● **Your task**:
Every record below must be set down again exactly as given.

● **Exercise material**:
● ● ● ●
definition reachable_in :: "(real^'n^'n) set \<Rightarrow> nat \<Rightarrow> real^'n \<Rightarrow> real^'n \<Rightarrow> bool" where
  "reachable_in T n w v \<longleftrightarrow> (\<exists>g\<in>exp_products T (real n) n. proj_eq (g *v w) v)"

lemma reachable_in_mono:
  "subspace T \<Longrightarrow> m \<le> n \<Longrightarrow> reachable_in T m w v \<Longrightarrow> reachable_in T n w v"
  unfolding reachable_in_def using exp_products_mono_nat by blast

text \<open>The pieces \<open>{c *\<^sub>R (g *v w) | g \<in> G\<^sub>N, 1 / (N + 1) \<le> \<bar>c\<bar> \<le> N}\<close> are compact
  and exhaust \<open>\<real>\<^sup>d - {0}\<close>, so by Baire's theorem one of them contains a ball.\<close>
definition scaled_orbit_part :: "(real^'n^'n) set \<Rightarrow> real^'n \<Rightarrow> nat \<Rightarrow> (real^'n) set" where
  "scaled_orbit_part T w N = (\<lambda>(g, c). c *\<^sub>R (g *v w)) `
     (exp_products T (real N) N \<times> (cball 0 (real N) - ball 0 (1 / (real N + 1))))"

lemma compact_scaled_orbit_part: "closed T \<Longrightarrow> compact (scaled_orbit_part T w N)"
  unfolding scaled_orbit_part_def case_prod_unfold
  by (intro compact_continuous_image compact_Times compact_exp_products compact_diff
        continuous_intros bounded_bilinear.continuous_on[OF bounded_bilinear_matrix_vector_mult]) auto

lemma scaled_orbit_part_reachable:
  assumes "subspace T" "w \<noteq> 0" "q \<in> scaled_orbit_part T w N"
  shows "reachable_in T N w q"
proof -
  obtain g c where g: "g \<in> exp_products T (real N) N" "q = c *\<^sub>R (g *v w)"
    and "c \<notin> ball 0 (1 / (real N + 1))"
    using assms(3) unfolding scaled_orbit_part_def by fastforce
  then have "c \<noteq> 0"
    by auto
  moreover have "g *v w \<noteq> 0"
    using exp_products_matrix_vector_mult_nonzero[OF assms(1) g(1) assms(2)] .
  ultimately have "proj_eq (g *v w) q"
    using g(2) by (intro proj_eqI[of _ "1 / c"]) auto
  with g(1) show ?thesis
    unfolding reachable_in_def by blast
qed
● ● ● ●
● **Written answer**:
definition reachable_in :: "(real^'n^'n) set \<Rightarrow> nat \<Rightarrow> real^'n \<Rightarrow> real^'n \<Rightarrow> bool" where
  "reachable_in T n w v \<longleftrightarrow> (\<exists>g\<in>exp_products T (real n) n. proj_eq (g *v w) v)"

lemma reachable_in_mono:
  "subspace T \<Longrightarrow> m \<le> n \<Longrightarrow> reachable_in T m w v \<Longrightarrow> reachable_in T n w v"
  unfolding reachable_in_def using exp_products_mono_nat by blast

text \<open>The pieces \<open>{c *\<^sub>R (g *v w) | g \<in> G\<^sub>N, 1 / (N + 1) \<le> \<bar>c\<bar> \<le> N}\<close> are compact
  and exhaust \<open>\<real>\<^sup>d - {0}\<close>, so by Baire's theorem one of them contains a ball.\<close>
definition scaled_orbit_part :: "(real^'n^'n) set \<Rightarrow> real^'n \<Rightarrow> nat \<Rightarrow> (real^'n) set" where
  "scaled_orbit_part T w N = (\<lambda>(g, c). c *\<^sub>R (g *v w)) `
     (exp_products T (real N) N \<times> (cball 0 (real N) - ball 0 (1 / (real N + 1))))"

lemma compact_scaled_orbit_part: "closed T \<Longrightarrow> compact (scaled_orbit_part T w N)"
  unfolding scaled_orbit_part_def case_prod_unfold
  by (intro compact_continuous_image compact_Times compact_exp_products compact_diff
        continuous_intros bounded_bilinear.continuous_on[OF bounded_bilinear_matrix_vector_mult]) auto

lemma scaled_orbit_part_reachable:
  assumes "subspace T" "w \<noteq> 0" "q \<in> scaled_orbit_part T w N"
  shows "reachable_in T N w q"
proof -
  obtain g c where g: "g \<in> exp_products T (real N) N" "q = c *\<^sub>R (g *v w)"
    and "c \<notin> ball 0 (1 / (real N + 1))"
    using assms(3) unfolding scaled_orbit_part_def by fastforce
  then have "c \<noteq> 0"
    by auto
  moreover have "g *v w \<noteq> 0"
    using exp_products_matrix_vector_mult_nonzero[OF assms(1) g(1) assms(2)] .
  ultimately have "proj_eq (g *v w) q"
    using g(2) by (intro proj_eqI[of _ "1 / c"]) auto
  with g(1) show ?thesis
    unfolding reachable_in_def by blast
qed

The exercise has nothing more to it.